Me: 44 Bomb: 11/27/11 Divorced:6/12 Life goes on: 6/13
See this is the problem GM, I don't think this is a temp solution anymore. IT IS TEMPORARY...you are letting this man have all your power. Are you a believer in God? I don't recall but if you have a belief in Him or a higher power or a positive loving force in the universe, lean into that and let it start to heal you. Get help. You can always do yourself harm LATER but you can't take it back...
In my younger years, learning to deal with depression, I a really good at seeing through the fog.
This is the first time in my life where the other side is clearer than the present. so it's harder this time. We get it. Not fatal or eternal! REACH OUT THERE...right now...
The other side doens't hold hope or possibility. yes it does have hope and possibility. You are not able to SEE that now b/c you are not thinking straight...
It only shows my failure at being a good human being to a person who loved me from the bottom of his heart.

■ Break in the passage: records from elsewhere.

lemma eigenvalue_of_eigenvalue_square:
  assumes "A *v (A *v x) = (s * s) *s x" "x \<noteq> 0"
  shows "is_eigenvalue A s \<or> is_eigenvalue A (- s)"
proof (cases "A *v x + s *s x = 0")
  case True
  then have "A *v x = (- s) *s x" by (simp add: vec_eq_iff add_eq_0_iff)
  then show ?thesis using assms(2) is_eigenvalue_def by blast
next
  case False
  have "A *v (A *v x + s *s x) = s *s (A *v x + s *s x)"
    using assms(1) by (simp add: matrix_vector_right_distrib vector_scalar_commute vec_eq_iff
        algebra_simps)
  then show ?thesis using False is_eigenvalue_def by blast
qed

lemma hermitian_norm_matrix_vector_le:
  fixes H :: "complex^'n^'n"
  assumes herm: "hermitian H"
    and spectrum: "\<And>c. is_eigenvalue H c \<Longrightarrow> - R \<le> Re c \<and> Re c \<le> R"
  shows "norm (H *v x) \<le> R * norm x"
proof -
  obtain x0 where x0: "norm x0 = 1"
    and max: "\<And>z. (norm (H *v z))\<^sup>2 \<le> (norm (H *v x0))\<^sup>2 * (norm z)\<^sup>2"
    using matrix_vector_mult_attains_max_norm[of H] by blast
  define s where "s = norm (H *v x0)"
  have "H *v (H *v x0) = (of_real s * of_real s) *s x0"
    using hermitian_maximiser_eigenvector_square[OF herm x0 max]
    by (simp add: s_def power2_eq_square)
  moreover have "x0 \<noteq> 0" using x0 by auto
  ultimately have "is_eigenvalue H (of_real s) \<or> is_eigenvalue H (- of_real s)"
    by (rule eigenvalue_of_eigenvalue_square)
  then have "s \<le> R"
  proof
    assume "is_eigenvalue H (of_real s)"
    from spectrum[OF this] show ?thesis by simp
  next
    assume "is_eigenvalue H (- of_real s)"
    from spectrum[OF this] show ?thesis by simp
  qed
  have "s \<ge> 0" unfolding s_def by simp
  have "(norm (H *v x))\<^sup>2 \<le> s\<^sup>2 * (norm x)\<^sup>2"
    using max[of x] unfolding s_def .
  also have "\<dots> \<le> (R * norm x)\<^sup>2"
    unfolding power_mult_distrib using \<open>s \<ge> 0\<close> \<open>s \<le> R\<close>
    by (intro mult_right_mono power_mono) simp_all
  finally show ?thesis
    by (rule power2_le_imp_le) (use \<open>s \<ge> 0\<close> \<open>s \<le> R\<close> in simp)
qed
(* {\rm a)} We have $$\sum^{*}_{N\mathfrak{a}<\sqrt{\Delta}/2} \frac{\sqrt{\Delta}}{N\mathfrak{a}} + O\Bigl(\sum^{*}_{N\mathfrak{a}<\sqrt{\Delta}} 1\Bigr) < \sum_{i=1}^s u_i < \sum^{*}_{N\mathfrak{a}<\sqrt{\Delta}} \frac{\sqrt{\Delta}}{N\mathfrak{a}},$$ where $\sum^{*}$ denotes the sum over principal primitive ideals $\mathfrak{a}$ of $\mathcal{O}_K$. {\rm b)} We have $$\sum^{-}_{N\mathfrak{a}<\sqrt{\Delta}/2} \frac{\sqrt{\Delta}}{N\mathfrak{a}} + O\Bigl(\sum^{-}_{N\mathfrak{a}<\sqrt{\Delta}} 1\Bigr) < M_D < \sum^{-}_{N\mathfrak{a}<\sqrt{\Delta}} \frac{\sqrt{\Delta}}{N\mathfrak{a}},$$ where $\sum^{-}$ denotes the sum over principal primitive ideals generated by an element with negative norm.
   Context: Let $K=\mathbb{Q}(\sqrt D)$ with $D>1$ squarefree, $\mathcal{O}_K$ its ring of integers and $\Delta\in\{D,4D\}$ its discriminant. Let $\omega_D=\sqrt D$ if $D\equiv 2,3 \pmod 4$ and $\omega_D=\frac{1+\sqrt D}{2}$ if $D\equiv 1\pmod 4$, and write its periodic continued fraction expansion as $\omega_D=[u_0,\overline{u_1,u_2,\dots,u_s}]$ with period length $s$ minimal. Define $M_D=u_1+u_3+\dots+u_{s-1}$ if $s$ is even, $M_D=2u_0+u_1+\dots+u_{s-1}$ if $s$ is odd and $D\equiv 2,3\pmod 4$, and $M_D=2u_0+u_1+\dots+u_{s-1}-1$ if $s$ is odd and $D\equiv 1\pmod 4$. An ideal is primitive if it is not divisible by a rational integer other than $1$; $N\mathfrak{a}$ denotes the norm of the ideal $\mathfrak{a}$. *)

theory Defs
  imports Complex_Main "HOL-Computational_Algebra.Squarefree"
begin

text \<open>Real quadratic field K = Q(sqrt D), D > 1 squarefree, realised inside the reals.\<close>

definition omega :: "int \<Rightarrow> real" where
  "omega D = (if D mod 4 = 1 then (1 + sqrt (real_of_int D)) / 2 else sqrt (real_of_int D))"

definition omega_conj :: "int \<Rightarrow> real" where
  "omega_conj D = (if D mod 4 = 1 then (1 - sqrt (real_of_int D)) / 2 else - sqrt (real_of_int D))"

definition disc :: "int \<Rightarrow> int" where
  "disc D = (if D mod 4 = 1 then D else 4 * D)"

definition OK :: "int \<Rightarrow> real set" where
  "OK D = {of_int a + of_int b * omega D | a b. True}"
lemma norm_power2_vec: "(norm (x::real^'n))^2 = (\<Sum>i\<in>UNIV. (x $ i)^2)"
  by (simp add: norm_eq_sqrt_inner inner_vec_def power2_eq_square sum_nonneg)

lemma frob_sq_eq_sum_column_norms: "frob_sq (A::real^'n^'m) = (\<Sum>j\<in>UNIV. (norm (column j A))^2)"
  unfolding frob_sq_def norm_power2_vec column_def by (simp, rule sum.swap)

lemma frob_sq_transpose: "frob_sq (transpose A) = frob_sq A"
  unfolding frob_sq_def transpose_def by (simp, rule sum.swap)

lemma frob_sq_orthogonal_mult:
  assumes "orthogonal_matrix (Q::real^'n^'n)"
  shows "frob_sq (Q ** X) = frob_sq X"
proof -
  have "column j (Q ** X) = Q *v column j X" for j
    by (simp add: column_def matrix_matrix_mult_def matrix_vector_mult_def vec_eq_iff)
  moreover have "norm (Q *v x) = norm x" for x
    using assms orthogonal_transformation_matrix orthogonal_transformation_norm
      matrix_of_matrix_vector_mul matrix_vector_mul_linear by metis
  ultimately show ?thesis by (simp add: frob_sq_eq_sum_column_norms)
qed

lemma frob_sq_orthogonal_conj:
  assumes "orthogonal_matrix (Q::real^'n^'n)"
  shows "frob_sq (Q ** X ** transpose Q) = frob_sq X"
  using assms frob_sq_orthogonal_mult frob_sq_transpose
  by (metis matrix_transpose_mul orthogonal_matrix_transpose transpose_transpose)

lemma matrix_mult_diff_ldistrib: "(A::real^'n^'m) ** (B - C) = A ** B - A ** C"
  by (simp add: vec_eq_iff matrix_matrix_mult_def sum_subtractf right_diff_distrib)

lemma matrix_mult_diff_rdistrib: "((B::real^'n^'m) - C) ** A = B ** A - C ** A"
  by (simp add: vec_eq_iff matrix_matrix_mult_def sum_subtractf left_diff_distrib)

lemma matrix_conj_diff:
  "(Q::real^'n^'n) ** X ** transpose Q - Q ** Y ** transpose Q = Q ** (X - Y) ** transpose Q"
  by (simp add: matrix_mult_diff_ldistrib matrix_mult_diff_rdistrib)

lemma orthogonal_matrix_row_sum_power2:
  "orthogonal_matrix (W::real^'n^'n) \<Longrightarrow> (\<Sum>k\<in>UNIV. (W $ i $ k)^2) = 1"
  using orthogonal_matrix_orthonormal_rows[of W] norm_power2_vec[of "row i W"]
  by (simp add: row_def)

lemma orthogonal_matrix_column_sum_power2:
  "orthogonal_matrix (W::real^'n^'n) \<Longrightarrow> (\<Sum>i\<in>UNIV. (W $ i $ k)^2) = 1"
  using orthogonal_matrix_orthonormal_columns[of W] norm_power2_vec[of "column k W"]
  by (simp add: column_def)

lemma sum_UNIV_eq_single:
  assumes "\<And>j. j \<noteq> i \<Longrightarrow> f j = (0::real)"
  shows "(\<Sum>j\<in>(UNIV::'n::finite set). f j) = f i"
  using assms by (simp add: sum.neutral sum.remove[of UNIV i])

lemma matrix_mult_diag_nth:
  "diag_mat D \<Longrightarrow> ((W::real^'n^'m) ** D) $ i $ l = W $ i $ l * D $ l $ l"
  unfolding matrix_matrix_mult_def by (simp, rule sum_UNIV_eq_single) (simp add: diag_mat_def)

lemma frob_sq_diag: "diag_mat A \<Longrightarrow> frob_sq A = (\<Sum>i\<in>UNIV. (A $ i $ i)^2)"
  unfolding frob_sq_def by (intro sum.cong refl sum_UNIV_eq_single) (simp add: diag_mat_def)

lemma frob_sq_diag_diff:
  assumes "diag_mat A"
  shows "frob_sq (A - B) = frob_sq A + frob_sq B - 2 * (\<Sum>i\<in>UNIV. A $ i $ i * B $ i $ i)"
proof -
  have "((A - B) $ i $ j)^2 = (A $ i $ j)^2 + (B $ i $ j)^2 - 2 * (A $ i $ j * B $ i $ j)" for i j
    by (simp add: power2_diff)
  then have "frob_sq (A - B) = frob_sq A + frob_sq B - 2 * (\<Sum>i\<in>UNIV. \<Sum>j\<in>UNIV. A $ i $ j * B $ i $ j)"
    unfolding frob_sq_def by (simp only: sum_subtractf sum.distrib sum_distrib_left)
  moreover have "(\<Sum>j\<in>UNIV. A $ i $ j * B $ i $ j) = A $ i $ i * B $ i $ i" for i
    by (rule sum_UNIV_eq_single) (use assms in \<open>simp add: diag_mat_def\<close>)
  ultimately show ?thesis by simp
qed

lemma diag_orthogonal_conj_nth:
  "diag_mat D \<Longrightarrow> ((W::real^'n^'n) ** D ** transpose W) $ i $ i = (\<Sum>k\<in>UNIV. (W $ i $ k)^2 * D $ k $ k)"
  by (simp add: matrix_matrix_mult_def[of "W ** D"] matrix_mult_diag_nth transpose_def
      power2_eq_square mult_ac)

lemma abs_diag_le_spec_norm: "\<bar>(A::real^'n^'n) $ k $ k\<bar> \<le> spec_norm A"
  unfolding spec_norm_def by (rule matrix_component_le_onorm)

lemma spec_norm_diag_le:
  assumes "diag_mat (A::real^'n^'n)" "\<forall>k. \<bar>A $ k $ k\<bar> \<le> eps"
  shows "spec_norm A \<le> eps"
  unfolding spec_norm_def
proof (rule onorm_le)
  fix x :: "real^'n"
  have "0 \<le> eps" using assms(2) abs_ge_zero order_trans by blast
  have Ax: "(A *v x) $ i = A $ i $ i * x $ i" for i
    unfolding matrix_vector_mult_def
    by (simp, rule sum_UNIV_eq_single) (use assms(1) in \<open>simp add: diag_mat_def\<close>)
  have "(norm (A *v x))^2 = (\<Sum>i\<in>UNIV. (A $ i $ i * x $ i)^2)"
    by (simp add: norm_power2_vec Ax)
  also have "\<dots> \<le> (\<Sum>i\<in>UNIV. eps^2 * (x $ i)^2)"
  proof (rule sum_mono)
    fix i
    have "(A $ i $ i)^2 \<le> eps^2"
      using assms(2) \<open>0 \<le> eps\<close> by (metis abs_le_square_iff abs_of_nonneg)
    then show "(A $ i $ i * x $ i)^2 \<le> eps^2 * (x $ i)^2"
      by (simp add: power_mult_distrib mult_right_mono)
  qed
  also have "\<dots> = (eps * norm x)^2"
    by (simp add: power_mult_distrib norm_power2_vec sum_distrib_left)
  finally show "norm (A *v x) \<le> eps * norm x"
    using \<open>0 \<le> eps\<close> by (meson norm_ge_zero power2_le_imp_le zero_le_mult_iff)
qed

lemma hoffman_wielandt_diag:
  fixes Lam D W :: "real^('n::{finite,linorder})^('n::{finite,linorder})"
  assumes "diag_mat Lam" "nonincr_diag Lam" "diag_mat D" "orthogonal_matrix W"
    and \<sigma>: "bij \<sigma>" and D_sorted: "\<forall>i j. i < j \<longrightarrow> D $ \<sigma> j $ \<sigma> j \<le> D $ \<sigma> i $ \<sigma> i"
  shows "(\<Sum>i\<in>UNIV. (Lam $ i $ i - D $ \<sigma> i $ \<sigma> i)^2) \<le> frob_sq (Lam - W ** D ** transpose W)"
proof -
  define lam where "lam i = Lam $ i $ i" for i
  define e where "e m = D $ \<sigma> m $ \<sigma> m" for m
  define P where "P i m = (W $ i $ \<sigma> m)^2" for i m
  have reindex: "(\<Sum>m\<in>UNIV. f (\<sigma> m)) = (\<Sum>k\<in>UNIV. f k)" for f :: "'n \<Rightarrow> real"
    using \<sigma> by (simp add: sum.reindex_bij_betw)
  have "(\<Sum>i\<in>UNIV. \<Sum>m\<in>UNIV. P i m * lam i * e m) \<le> (\<Sum>i\<in>UNIV. lam i * e i)"
  proof (rule doubly_stochastic_rearrangement)
    show "\<forall>i j. i < j \<longrightarrow> lam j \<le> lam i" using assms(2) by (simp add: nonincr_diag_def lam_def)
    show "\<forall>i j. i < j \<longrightarrow> e j \<le> e i" using D_sorted by (simp add: e_def)
    show "\<forall>i. (\<Sum>m\<in>UNIV. P i m) = 1"
      using reindex[of "\<lambda>k. (W $ _ $ k)^2"] orthogonal_matrix_row_sum_power2[OF assms(4)]
      by (simp add: P_def)
    show "\<forall>m. (\<Sum>i\<in>UNIV. P i m) = 1"
      using orthogonal_matrix_column_sum_power2[OF assms(4)] by (simp add: P_def)
  qed (simp add: P_def)
  moreover have "(\<Sum>m\<in>UNIV. P i m * lam i * e m) = lam i * (W ** D ** transpose W) $ i $ i" for i
    unfolding diag_orthogonal_conj_nth[OF assms(3)] P_def e_def
    using reindex[of "\<lambda>k. (W $ i $ k)^2 * D $ k $ k"] by (simp add: mult_ac flip: sum_distrib_left)
  moreover have "frob_sq (W ** D ** transpose W) = (\<Sum>i\<in>UNIV. (e i)^2)"
    using frob_sq_orthogonal_conj[OF assms(4)] frob_sq_diag[OF assms(3)]
      reindex[of "\<lambda>k. (D $ k $ k)^2"] by (simp add: e_def)
  moreover have "(\<Sum>i\<in>UNIV. (lam i - e i)^2)
      = frob_sq Lam + (\<Sum>i\<in>UNIV. (e i)^2) - 2 * (\<Sum>i\<in>UNIV. lam i * e i)"
    by (simp add: frob_sq_diag[OF assms(1)] lam_def power2_diff sum_subtractf sum.distrib
        sum_distrib_left mult.assoc)
  ultimately show ?thesis
    using frob_sq_diag_diff[OF assms(1), of "W ** D ** transpose W"] by (simp add: lam_def e_def)
qed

you are revising things too much now...another symptom of not thinking straight..YOU are NOT UNlovable!
It shows me a life that I really don't want anymore. I wish I could bestow my good health on someone who wants to live and die for that person.
You were given a healthy body and mind that is temporarily not functioning as well. You need medical help.
So, 111, get the help. It WILL help.
You WILL FEEL BETTER.
This pain is deep but it's going to end when you get the help. So get it!
M: 57 H: 60 M: 35 yrs S30,D28,D19 H off to Alaska 2006 Recon 7/07- 8/08 *2016* X = "ALASKA 2.0" GROUND HOG DAY I File D 10/16 OW DIV 2/26/2018 X marries OW 5/2016
Thank you everyone. I know suicide is a ...weird topic.
I have suffered from depression my whole life and been in active treatment for 15 years. I am on a drug protocol and in therapy that the army is providing me right now.
This all hit me like a ton of bricks this morning.
Calling 911 I don't want to do because all the neighbors will talk.
And I will continue to hold it together because it would be my Mum who found me as she is my dog walker and will be here MOnday to help me with Boo-Boo, my German Shorthaired Pointer.
I just really really hope you guys are right and that I will look back one day and be glad I'm still around. This is the first time in my life where I feel I truly have nothing to live for.
but if respecting my responsibilities is what keeps me grounded right now? I guess I will take it.